Les salariés en grève de la Cité Nationale de l’Histoire de l’Immigration ont accepté d’accueillir le public le 2 décembre pour la présentation du coffret « Un siècle d’immigration des suds en France » par le groupe de recherche ACHAC (Association pour la Connaissance de l’Afrique Contemporaine). Plus que ses 16 kilos, c’est le contenu des 8 ouvrages qu’il contient qui pèse lourd en plein débat sur l’identité nationale.
Avant de visiter l’exposition Générations : un siècle d'histoire culturelle des Maghrébins en France de l’association Génériques, les invités ont pu être interpellés par la banderole des grévistes sur les grilles du musée : Cité Nationale de l’Histoire de l’Immigration en grève. Choisie ou subie ? Un clin d’œil aux débats houleux de ses derniers temps en guise d’entrée en matière.
Dans l’auditorium, qui allait vite se remplir, les panneaux des trois expositions régionales itinérantes (Rhône Alpes, PACA et Ile –de-France) réalisées par l’ACHAC. Elles sont destinées aux différents lieux publics (écoles, mairies, médiathèques) pour mieux faire connaître l’histoire de l’immigration dans les différentes régions de France.
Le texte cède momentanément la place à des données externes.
text \<open>Baer's criterion supplies the image e of b: the map r \<mapsto> h(rb) on the left ideal
  {r. rb \<in> D} is right multiplication by some e.\<close>
lemma partial_extension_step:
  assumes inj: "injective_module R M" and P: "partial_extension R M A f D h" and b: "b \<in> carrier M"
  shows "\<exists>D' h'. partial_extension R M A f D' h' \<and> fun_graph D h \<subseteq> fun_graph D' h' \<and> b \<in> D'"
proof -
  have D: "submodule D R M" and AD: "A \<subseteq> D" and h: "h \<in> lin_map R M D M (carrier M)"
    and hf: "\<forall>x\<in>A. h x = f x"
    using P unfolding partial_extension_def by auto
  note S = submoduleE[OF D]
  have "(\<lambda>r. h (r \<odot>\<^bsub>M\<^esub> b)) \<in> lin_map R (regular_module R) {r \<in> carrier R. r \<odot>\<^bsub>M\<^esub> b \<in> D} M (carrier M)"
    using lin_mapD[OF h] b by (intro lin_mapI) (auto simp: smult_l_distr smult_assoc1)
  then obtain e where e: "e \<in> carrier M" "\<And>r. r \<in> carrier R \<Longrightarrow> r \<odot>\<^bsub>M\<^esub> b \<in> D \<Longrightarrow> h (r \<odot>\<^bsub>M\<^esub> b) = r \<odot>\<^bsub>M\<^esub> e"
    using inj submodule_conductor[OF D b] unfolding injective_module_def by force
  define D' where "D' = {d \<oplus>\<^bsub>M\<^esub> r \<odot>\<^bsub>M\<^esub> b | d r. d \<in> D \<and> r \<in> carrier R}"
  obtain h' where h': "h' \<in> lin_map R M D' M (carrier M)"
    and h'_eq: "\<And>d r. d \<in> D \<Longrightarrow> r \<in> carrier R \<Longrightarrow> h' (d \<oplus>\<^bsub>M\<^esub> r \<odot>\<^bsub>M\<^esub> b) = h d \<oplus>\<^bsub>M\<^esub> r \<odot>\<^bsub>M\<^esub> e"
    unfolding D'_def by (rule lin_map_extend_cyclic[OF D h b e]) blast+
  have DD': "d \<in> D'" "h' d = h d" if d: "d \<in> D" for d
  proof -
    have "d = d \<oplus>\<^bsub>M\<^esub> \<zero>\<^bsub>R\<^esub> \<odot>\<^bsub>M\<^esub> b" using smult_l_null[OF b] S(1) d by auto
    then show "d \<in> D'" "h' d = h d"
      using h'_eq[OF d R.zero_closed] smult_l_null[OF e(1)] lin_mapD(1)[OF h d] d unfolding D'_def by auto
  qed
  have "b = \<zero>\<^bsub>M\<^esub> \<oplus>\<^bsub>M\<^esub> \<one>\<^bsub>R\<^esub> \<odot>\<^bsub>M\<^esub> b" using b smult_one by simp
  then have "b \<in> D'" unfolding D'_def using S(2) by blast
  moreover have "partial_extension R M A f D' h'"
    unfolding partial_extension_def D'_def[symmetric]
    using submodule_add_cyclic[OF D b, folded D'_def] h' AD DD' hf by auto
  moreover have "fun_graph D h \<subseteq> fun_graph D' h'" unfolding fun_graph_subset_iff using DD' by auto
  ultimately show ?thesis by blast
qed
text \<open>The set in the conclusion arises from T by copying the centre onto each leaf of F.\<close>

lemma harmonic_max_spread_center:
  assumes "harmonic g" and T: "T \<subseteq> star_V N"
    and max: "\<And>T'. T' \<subseteq> star_V N \<Longrightarrow> g T' \<le> g T"
    and "finite F" and "F \<subseteq> leaves"
  shows "g (if 0 \<in> T then T \<union> F else T - F) = g T"
  using \<open>finite F\<close> \<open>F \<subseteq> leaves\<close>
proof (induction F rule: finite_induct)
  case (insert x F)
  let ?T' = "if 0 \<in> T then T \<union> F else T - F"
  have T': "?T' \<subseteq> star_V N" using T insert.prems leaves_subset_star_V by auto
  have "(if 0 \<in> T then T \<union> insert x F else T - insert x F) = copy_to ?T' 0 x"
    using insert.prems zero_notin_leaves by (auto simp: copy_to_def)
  also have "g \<dots> = g ?T'"
    using insert max T' by (intro harmonic_max_center_to_leaf[OF \<open>harmonic g\<close>]) auto
  finally show ?case using insert by simp
qed simp

lemma harmonic_nonpos:
  assumes harm: "harmonic g" and full: "g (star_V N) = 0" and empty: "g {} = 0"
    and "S \<subseteq> star_V N"
  shows "g S \<le> 0"
proof -
  have fin: "finite (g ` Pow (star_V N))" by (simp add: star_V_def)
  have "Max (g ` Pow (star_V N)) \<in> g ` Pow (star_V N)" using fin by (intro Max_in) auto
  then obtain T where T: "T \<subseteq> star_V N" "g T = Max (g ` Pow (star_V N))" by auto
  have max: "g T' \<le> g T" if "T' \<subseteq> star_V N" for T'
    using Max_ge[OF fin] that T(2) by simp
  have "g (if 0 \<in> T then T \<union> leaves else T - leaves) = g T"
    using harm T(1) max finite_leaves by (rule harmonic_max_spread_center) simp_all
  moreover have "(if 0 \<in> T then T \<union> leaves else T - leaves) \<in> {star_V N, {}}"
    using T(1) star_V_eq by auto
  ultimately have "g T = 0" using full empty by auto
  then show ?thesis using max[OF \<open>S \<subseteq> star_V N\<close>] by simp
qed

lemma fp_star_eq:
  assumes "S \<subseteq> star_V N"
  shows "fp_star S = mutant_weight S / mutant_weight (star_V N)"
proof -
  define Z where "Z = mutant_weight (star_V N)"
  have "0 < Z"
    using two_le_N w_center_ge_1 w_leaf_ge_1
    by (simp add: Z_def mutant_weight_full add_pos_nonneg)
  define D where "D T = fp_star T - mutant_weight T / Z" for T
  have harmonic_D: "harmonic (\<lambda>T. c * D T)" for c
  proof -
    have D_eq: "(\<lambda>T. c * D T) = (\<lambda>T. c * fp_star T + (- c / Z) * mutant_weight T)"
      by (simp add: fun_eq_iff D_def algebra_simps)
    show ?thesis
      using harmonic_fp_star harmonic_mutant_weight
      unfolding harmonic_def D_eq step_lincomb by simp
  qed
  have "D (star_V N) = 0" "D {} = 0"
    using fp_star_full fp_star_empty \<open>0 < Z\<close> by (simp_all add: D_def Z_def mutant_weight_def)
  then have "1 * D S \<le> 0" "- 1 * D S \<le> 0"
    using assms by (intro harmonic_nonpos[OF harmonic_D]; simp)+
  then show ?thesis by (simp add: D_def Z_def)
qed

end

theorem mainTheorem6:
  fixes N :: nat and d :: real and i :: nat
  assumes "N \<ge> 2" and "0 \<le> d" and "d \<le> 1" and "1 \<le> i" and "i \<le> N - 1"
  shows "fp (star_V N) star_E 1 d {i} =
           (1 + (1 - d) * (real N - 2)) / ((1 - d) * (real N - 2)^2 + 2 * (real N - 1))
       \<and> fp (star_V N) star_E 1 d {0} =
           (1 + d * (real N - 2)) / ((1 - d) * (real N - 2)^2 + 2 * (real N - 1))"
proof -
  interpret star_process N d using assms by unfold_locales
  have total: "mutant_weight (star_V N) = (1 - d) * (real N - 2)^2 + 2 * (real N - 1)"
    by (simp add: mutant_weight_full w_center_def w_leaf_def algebra_simps power2_eq_square)
  have "{i} \<subseteq> star_V N" "{0} \<subseteq> star_V N" "i \<noteq> 0"
    using assms by (auto simp: star_V_def)
  then show ?thesis
    using fp_star_eq total
    by (simp add: mutant_weight_def vertex_weight_def w_center_def w_leaf_def)
qed

end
En introduction, le commissaire à la diversité et à l'égalité des chances Yazid Sabeg, invité surprise de marque, a rappelé qu’il est « un enfant migrant, né en Algérie [pour qui] l’exposition rappelle des souvenirs ». « L’histoire du peuplement de la France, de sa diversité, n’est pas enseignée suffisamment a-t-il estimé. Les enfants ne découvrent la diversité de l’Europe qu’en seconde. Il faudrait que ça démarre le plus tôt possible dès la maternelle ».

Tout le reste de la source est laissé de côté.